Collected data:
* * * *

lemma le_add_twice_if_square_diff_le:
  fixes X V S :: real
  assumes "0 \<le> V" "0 \<le> S" "X\<^sup>2 - 2 * X * S \<le> V\<^sup>2"
  shows "X \<le> V + 2 * S"
proof -
  have "(X - S)\<^sup>2 = (X\<^sup>2 - 2 * X * S) + S\<^sup>2"
    by (simp add: power2_eq_square algebra_simps)
  also have "\<dots> \<le> V\<^sup>2 + 2 * V * S + S\<^sup>2"
    using assms mult_nonneg_nonneg[OF assms(1,2)] by linarith
  also have "\<dots> = (V + S)\<^sup>2"
    by (simp add: power2_eq_square algebra_simps)
  finally have "(X - S)\<^sup>2 \<le> (V + S)\<^sup>2" .
  then have "X - S \<le> V + S"
    by (rule power2_le_imp_le) (use assms in simp)
  then show ?thesis
    by simp
qed

lemma pa_steps_L2_le:
  fixes x :: "nat \<Rightarrow> 'a::euclidean_space" and u :: 'a and b :: "nat \<Rightarrow> real"
  assumes labels: "\<forall>t\<in>{1..T}. yl t \<le> yr t"
    and run: "\<forall>t\<in>{1..T}. is_PA_update K (x t) (yl t) (yr t) (w t) (\<theta> t) (w (Suc t)) (\<theta> (Suc t))"
  shows "L2_set (\<lambda>t. param_norm K (w (Suc t) - w t) (\<theta> (Suc t) - \<theta> t)) {1..T}
    \<le> param_norm K (w 1 - u) (\<theta> 1 - b)
      + 2 * L2_set (\<lambda>t. L2_set (ord_loss K (x t) (yl t) (yr t) u b) {1..K-1}) {1..T}"
proof -
  define d where "d = (\<lambda>t. param_norm K (w (Suc t) - w t) (\<theta> (Suc t) - \<theta> t))"
  define s where "s = (\<lambda>t. L2_set (ord_loss K (x t) (yl t) (yr t) u b) {1..K-1})"
  define \<Phi> where "\<Phi> = (\<lambda>t. (param_norm K (w t - u) (\<theta> t - b))\<^sup>2)"
  have "(\<Sum>t=1..T. (d t)\<^sup>2 - 2 * (d t * s t)) \<le> (\<Sum>t=1..T. \<Phi> t - \<Phi> (Suc t))"
  proof (rule sum_mono)
    fix t assume t: "t \<in> {1..T}"
    show "(d t)\<^sup>2 - 2 * (d t * s t) \<le> \<Phi> t - \<Phi> (Suc t)"
      using pa_update_progress[OF run[rule_format, OF t] labels[rule_format, OF t]]
      by (simp add: d_def s_def \<Phi>_def mult.assoc)
  qed
  also have "\<dots> = \<Phi> 1 - \<Phi> (Suc T)"
    using sum_Suc_diff[of 1 T "\<lambda>t. - \<Phi> t"] by simp
  also have "\<dots> \<le> \<Phi> 1"
    by (simp add: \<Phi>_def)
  finally have "(\<Sum>t=1..T. (d t)\<^sup>2) - 2 * (\<Sum>t=1..T. d t * s t) \<le> \<Phi> 1"
    by (simp only: sum_subtractf sum_distrib_left)
  then have "(L2_set d {1..T})\<^sup>2 - 2 * (\<Sum>t=1..T. d t * s t) \<le> \<Phi> 1"
    by (simp add: L2_set_def sum_nonneg)
  moreover have "(\<Sum>t=1..T. d t * s t) \<le> L2_set d {1..T} * L2_set s {1..T}"
    using L2_set_mult_ineq[of d s] by (simp add: d_def s_def param_norm_nonneg)
  ultimately have "(L2_set d {1..T})\<^sup>2 - 2 * L2_set d {1..T} * L2_set s {1..T}
      \<le> (param_norm K (w 1 - u) (\<theta> 1 - b))\<^sup>2"
    unfolding \<Phi>_def by linarith
  then have "L2_set d {1..T} \<le> param_norm K (w 1 - u) (\<theta> 1 - b) + 2 * L2_set s {1..T}"
    by (rule le_add_twice_if_square_diff_le[rotated 2]) (simp_all add: param_norm_nonneg)
  then show ?thesis
    unfolding d_def s_def .
qed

* * * *

* **Task to complete**
Every line from the one containing "unfolding \<Phi>_def by linarith" through the last line of the entries above must be output exactly. Leave the rest out.

* **Response to the task**
    unfolding \<Phi>_def by linarith
  then have "L2_set d {1..T} \<le> param_norm K (w 1 - u) (\<theta> 1 - b) + 2 * L2_set s {1..T}"
    by (rule le_add_twice_if_square_diff_le[rotated 2]) (simp_all add: param_norm_nonneg)
  then show ?thesis
    unfolding d_def s_def .
qed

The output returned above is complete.